__Problem to work on__: Each line of the data below must be given again exactly as written.

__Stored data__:

lemma bij_tlet_map:
  assumes "bij \<sigma>"
  shows "bij (tlet_map \<sigma>)"
proof (rule bijI)
  show "inj (tlet_map \<sigma>)"
  proof (rule injI)
    fix a b show "tlet_map \<sigma> a = tlet_map \<sigma> b \<Longrightarrow> a = b"
      using bij_is_inj[OF assms] by (cases a; cases b) (auto simp: inj_eq)
  qed
  have "tlet_map \<sigma> (tlet_map (inv \<sigma>) l) = l" for l
    using assms by (cases l) (simp_all add: bij_is_surj surj_f_inv_f)
  then show "surj (tlet_map \<sigma>)"
    by (rule surjI)
qed

lemma tyX_map: "map (tlet_map \<sigma>) (tyX v) = tyX (map (apsnd \<sigma>) v)"
  unfolding tyX_def by (induction v) auto

lemma set_tyX: "set (tyX v) \<subseteq> insert TX (TXA ` snd ` set v)"
  unfolding tyX_def by (force simp: image_iff)

lemma valid_tyX: "valid_TY N v \<Longrightarrow> valid_T N (tyX v)"
  using set_tyX[of v] unfolding valid_T_def valid_TY_def by fastforce

lemma nextA_map: "nextA (map (tlet_map \<sigma>) w) = map_option \<sigma> (nextA w)"
  by (induction w rule: nextA.induct) simp_all

lemma nextA_in_set: "nextA w = Some b \<Longrightarrow> TXA b \<in> set w"
  by (induction w rule: nextA.induct) auto

lemma bij_betw_iota:
  assumes "0 < N"
  shows "bij_betw (iota N) {1..N} {0..<int N}"
proof (rule bij_betw_byWitness[where f'="iota_inv N"])
  have "iota_inv N (iota N a) = a" if "a \<in> {1..N}" for a
    using that by (cases "a = N") (simp_all add: iota_def iota_inv_def)
  then show "\<forall>a \<in> {1..N}. iota_inv N (iota N a) = a"
    by blast
  have "iota N (iota_inv N b) = b" if "b \<in> {0..<int N}" for b
    using that by (cases "b = 0") (simp_all add: iota_def iota_inv_def)
  then show "\<forall>b \<in> {0..<int N}. iota N (iota_inv N b) = b"
    by blast
  show "iota N ` {1..N} \<subseteq> {0..<int N}"
    using assms by (auto simp: iota_def)
  have "iota_inv N b \<in> {1..N}" if "b \<in> {0..<int N}" for b
    using that assms by (cases "b = 0") (auto simp: iota_inv_def)
  then show "iota_inv N ` {0..<int N} \<subseteq> {1..N}"
    by blast
qed

lemma sum_iota: "0 < N \<Longrightarrow> (\<Sum>a = 1..N. f (iota N a)) = (\<Sum>b \<in> {0..<int N}. f b)"
  using sum.reindex_bij_betw[OF bij_betw_iota] .

lemma card_fiber_inj_on:
  assumes "inj_on f A"
  shows "card {x \<in> A. f x = y} = (if y \<in> f ` A then 1 else 0)"
proof (cases "y \<in> f ` A")
  case True
  then obtain x0 where x0: "x0 \<in> A" "f x0 = y"
    by blast
  have "{x \<in> A. f x = y} = {x0}"
  proof (intro equalityI subsetI)
    fix x assume "x \<in> {x \<in> A. f x = y}"
    then have "x \<in> A" "f x = f x0"
      using x0 by simp_all
    then show "x \<in> {x0}"
      using inj_onD[OF assms _ _ x0(1)] by blast
  qed (use x0 in simp)
  then show ?thesis
    using True by simp
next
  case False
  then have empty: "{x \<in> A. f x = y} = {}"
    by blast
  show ?thesis
    unfolding empty using False by simp
qed

lemma card_iota_lists:
  fixes v :: "(nat \<times> int) list"
  assumes "0 < N" and "length v = n"
  shows "card {bs. length bs = n \<and> set bs \<subseteq> {1..N} \<and> map (\<lambda>b. (1, iota N b)) bs = v}
    = (if set v \<subseteq> {1} \<times> {0..<int N} then 1 else 0)"
proof -
  define h where "h = (\<lambda>b. (1 :: nat, iota N b))"
  have iota: "inj_on (iota N) {1..N}" "iota N ` {1..N} = {0..<int N}"
    using bij_betw_iota[OF assms(1)] by (simp_all add: bij_betw_def)
  have "inj_on h {1..N}"
    unfolding h_def
  proof (rule inj_onI)
    fix a b assume "a \<in> {1..N}" "b \<in> {1..N}" "(1 :: nat, iota N a) = (1, iota N b)"
    then show "a = b"
      by (intro inj_onD[OF iota(1)]) simp_all
  qed
  then have inj: "inj_on (map h) (lists {1..N})"
    by (rule inj_on_map_lists)
  have "h ` {1..N} = {1} \<times> iota N ` {1..N}"
    by (auto simp: h_def)
  then have img: "map h ` lists {1..N} = lists ({1} \<times> {0..<int N})"
    by (simp only: lists_image[symmetric] iota(2))
  have fiber: "{bs. length bs = n \<and> set bs \<subseteq> {1..N} \<and> map (\<lambda>b. (1, iota N b)) bs = v}
      = {bs \<in> lists {1..N}. map h bs = v}"
    unfolding h_def lists_eq_set using assms(2) by auto
  show ?thesis
    unfolding fiber card_fiber_inj_on[OF inj] img by (simp add: lists_eq_set)
qed

text \<open>An automorphism of \<int>/N\<int>, with residues represented in {0..<N} and extended to a
  permutation of the integers; additivity is stated for differences, the operation used by q~.\<close>

locale residue_automorphism =
  fixes N :: nat and \<sigma> :: "int \<Rightarrow> int"
  assumes pos: "0 < N" and bij: "bij \<sigma>"
    and residue_iff: "\<sigma> a \<in> {0..<int N} \<longleftrightarrow> a \<in> {0..<int N}"
    and diff: "a \<in> {0..<int N} \<Longrightarrow> b \<in> {0..<int N} \<Longrightarrow> \<sigma> ((a - b) mod int N) = (\<sigma> a - \<sigma> b) mod int N"
begin

lemma inj: "inj \<sigma>"
  using bij by (rule bij_is_inj)

lemma zero: "\<sigma> 0 = 0"
proof -
  have "(0 :: int) \<in> {0..<int N}"
    using pos by simp
  from diff[OF this this] show ?thesis
    by simp
qed

lemma neg: "a \<in> {0..<int N} \<Longrightarrow> \<sigma> ((- a) mod int N) = (- \<sigma> a) mod int N"
  using diff[of 0 a] pos by (simp add: zero)

lemma bij_betw_residues: "bij_betw \<sigma> {0..<int N} {0..<int N}"
proof -
  have "\<sigma> ` {0..<int N} = {0..<int N}"
  proof (intro equalityI subsetI)
    fix b assume "b \<in> {0..<int N}"
    moreover obtain a where "b = \<sigma> a"
      using bij by (metis bij_is_surj surjD)
    ultimately show "b \<in> \<sigma> ` {0..<int N}"
      using residue_iff by blast
  qed (use residue_iff in blast)
  then show ?thesis
    using inj_on_subset[OF inj subset_UNIV] by (simp add: bij_betw_def)
qed

lemma sum_residues: "(\<Sum>a \<in> {0..<int N}. f (\<sigma> a)) = (\<Sum>a \<in> {0..<int N}. f a)"
  using sum.reindex_bij_betw[OF bij_betw_residues] .

lemma valid_T_map: "valid_T N (map (tlet_map \<sigma>) w) \<longleftrightarrow> valid_T N w"
proof -
  have "(case tlet_map \<sigma> l of TX \<Rightarrow> True | TXA a \<Rightarrow> 0 \<le> a \<and> a < int N) \<longleftrightarrow>
      (case l of TX \<Rightarrow> True | TXA a \<Rightarrow> 0 \<le> a \<and> a < int N)" for l
    using residue_iff by (cases l) auto
  then show ?thesis
    unfolding valid_T_def by simp
qed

__Solution__:
lemma bij_tlet_map:
  assumes "bij \<sigma>"
  shows "bij (tlet_map \<sigma>)"
proof (rule bijI)
  show "inj (tlet_map \<sigma>)"
  proof (rule injI)
    fix a b show "tlet_map \<sigma> a = tlet_map \<sigma> b \<Longrightarrow> a = b"
      using bij_is_inj[OF assms] by (cases a; cases b) (auto simp: inj_eq)
  qed
  have "tlet_map \<sigma> (tlet_map (inv \<sigma>) l) = l" for l
    using assms by (cases l) (simp_all add: bij_is_surj surj_f_inv_f)
  then show "surj (tlet_map \<sigma>)"
    by (rule surjI)
qed

lemma tyX_map: "map (tlet_map \<sigma>) (tyX v) = tyX (map (apsnd \<sigma>) v)"
  unfolding tyX_def by (induction v) auto

lemma set_tyX: "set (tyX v) \<subseteq> insert TX (TXA ` snd ` set v)"
  unfolding tyX_def by (force simp: image_iff)

lemma valid_tyX: "valid_TY N v \<Longrightarrow> valid_T N (tyX v)"
  using set_tyX[of v] unfolding valid_T_def valid_TY_def by fastforce

lemma nextA_map: "nextA (map (tlet_map \<sigma>) w) = map_option \<sigma> (nextA w)"
  by (induction w rule: nextA.induct) simp_all

lemma nextA_in_set: "nextA w = Some b \<Longrightarrow> TXA b \<in> set w"
  by (induction w rule: nextA.induct) auto

lemma bij_betw_iota:
  assumes "0 < N"
  shows "bij_betw (iota N) {1..N} {0..<int N}"
proof (rule bij_betw_byWitness[where f'="iota_inv N"])
  have "iota_inv N (iota N a) = a" if "a \<in> {1..N}" for a
    using that by (cases "a = N") (simp_all add: iota_def iota_inv_def)
  then show "\<forall>a \<in> {1..N}. iota_inv N (iota N a) = a"
    by blast
  have "iota N (iota_inv N b) = b" if "b \<in> {0..<int N}" for b
    using that by (cases "b = 0") (simp_all add: iota_def iota_inv_def)
  then show "\<forall>b \<in> {0..<int N}. iota N (iota_inv N b) = b"
    by blast
  show "iota N ` {1..N} \<subseteq> {0..<int N}"
    using assms by (auto simp: iota_def)
  have "iota_inv N b \<in> {1..N}" if "b \<in> {0..<int N}" for b
    using that assms by (cases "b = 0") (auto simp: iota_inv_def)
  then show "iota_inv N ` {0..<int N} \<subseteq> {1..N}"
    by blast
qed

lemma sum_iota: "0 < N \<Longrightarrow> (\<Sum>a = 1..N. f (iota N a)) = (\<Sum>b \<in> {0..<int N}. f b)"
  using sum.reindex_bij_betw[OF bij_betw_iota] .

lemma card_fiber_inj_on:
  assumes "inj_on f A"
  shows "card {x \<in> A. f x = y} = (if y \<in> f ` A then 1 else 0)"
proof (cases "y \<in> f ` A")
  case True
  then obtain x0 where x0: "x0 \<in> A" "f x0 = y"
    by blast
  have "{x \<in> A. f x = y} = {x0}"
  proof (intro equalityI subsetI)
    fix x assume "x \<in> {x \<in> A. f x = y}"
    then have "x \<in> A" "f x = f x0"
      using x0 by simp_all
    then show "x \<in> {x0}"
      using inj_onD[OF assms _ _ x0(1)] by blast
  qed (use x0 in simp)
  then show ?thesis
    using True by simp
next
  case False
  then have empty: "{x \<in> A. f x = y} = {}"
    by blast
  show ?thesis
    unfolding empty using False by simp
qed

lemma card_iota_lists:
  fixes v :: "(nat \<times> int) list"
  assumes "0 < N" and "length v = n"
  shows "card {bs. length bs = n \<and> set bs \<subseteq> {1..N} \<and> map (\<lambda>b. (1, iota N b)) bs = v}
    = (if set v \<subseteq> {1} \<times> {0..<int N} then 1 else 0)"
proof -
  define h where "h = (\<lambda>b. (1 :: nat, iota N b))"
  have iota: "inj_on (iota N) {1..N}" "iota N ` {1..N} = {0..<int N}"
    using bij_betw_iota[OF assms(1)] by (simp_all add: bij_betw_def)
  have "inj_on h {1..N}"
    unfolding h_def
  proof (rule inj_onI)
    fix a b assume "a \<in> {1..N}" "b \<in> {1..N}" "(1 :: nat, iota N a) = (1, iota N b)"
    then show "a = b"
      by (intro inj_onD[OF iota(1)]) simp_all
  qed
  then have inj: "inj_on (map h) (lists {1..N})"
    by (rule inj_on_map_lists)
  have "h ` {1..N} = {1} \<times> iota N ` {1..N}"
    by (auto simp: h_def)
  then have img: "map h ` lists {1..N} = lists ({1} \<times> {0..<int N})"
    by (simp only: lists_image[symmetric] iota(2))
  have fiber: "{bs. length bs = n \<and> set bs \<subseteq> {1..N} \<and> map (\<lambda>b. (1, iota N b)) bs = v}
      = {bs \<in> lists {1..N}. map h bs = v}"
    unfolding h_def lists_eq_set using assms(2) by auto
  show ?thesis
    unfolding fiber card_fiber_inj_on[OF inj] img by (simp add: lists_eq_set)
qed

text \<open>An automorphism of \<int>/N\<int>, with residues represented in {0..<N} and extended to a
  permutation of the integers; additivity is stated for differences, the operation used by q~.\<close>

locale residue_automorphism =
  fixes N :: nat and \<sigma> :: "int \<Rightarrow> int"
  assumes pos: "0 < N" and bij: "bij \<sigma>"
    and residue_iff: "\<sigma> a \<in> {0..<int N} \<longleftrightarrow> a \<in> {0..<int N}"
    and diff: "a \<in> {0..<int N} \<Longrightarrow> b \<in> {0..<int N} \<Longrightarrow> \<sigma> ((a - b) mod int N) = (\<sigma> a - \<sigma> b) mod int N"
begin

lemma inj: "inj \<sigma>"
  using bij by (rule bij_is_inj)

lemma zero: "\<sigma> 0 = 0"
proof -
  have "(0 :: int) \<in> {0..<int N}"
    using pos by simp
  from diff[OF this this] show ?thesis
    by simp
qed

lemma neg: "a \<in> {0..<int N} \<Longrightarrow> \<sigma> ((- a) mod int N) = (- \<sigma> a) mod int N"
  using diff[of 0 a] pos by (simp add: zero)

lemma bij_betw_residues: "bij_betw \<sigma> {0..<int N} {0..<int N}"
proof -
  have "\<sigma> ` {0..<int N} = {0..<int N}"
  proof (intro equalityI subsetI)
    fix b assume "b \<in> {0..<int N}"
    moreover obtain a where "b = \<sigma> a"
      using bij by (metis bij_is_surj surjD)
    ultimately show "b \<in> \<sigma> ` {0..<int N}"
      using residue_iff by blast
  qed (use residue_iff in blast)
  then show ?thesis
    using inj_on_subset[OF inj subset_UNIV] by (simp add: bij_betw_def)
qed

lemma sum_residues: "(\<Sum>a \<in> {0..<int N}. f (\<sigma> a)) = (\<Sum>a \<in> {0..<int N}. f a)"
  using sum.reindex_bij_betw[OF bij_betw_residues] .

lemma valid_T_map: "valid_T N (map (tlet_map \<sigma>) w) \<longleftrightarrow> valid_T N w"
proof -
  have "(case tlet_map \<sigma> l of TX \<Rightarrow> True | TXA a \<Rightarrow> 0 \<le> a \<and> a < int N) \<longleftrightarrow>
      (case l of TX \<Rightarrow> True | TXA a \<Rightarrow> 0 \<le> a \<and> a < int N)" for l
    using residue_iff by (cases l) auto
  then show ?thesis
    unfolding valid_T_def by simp
qed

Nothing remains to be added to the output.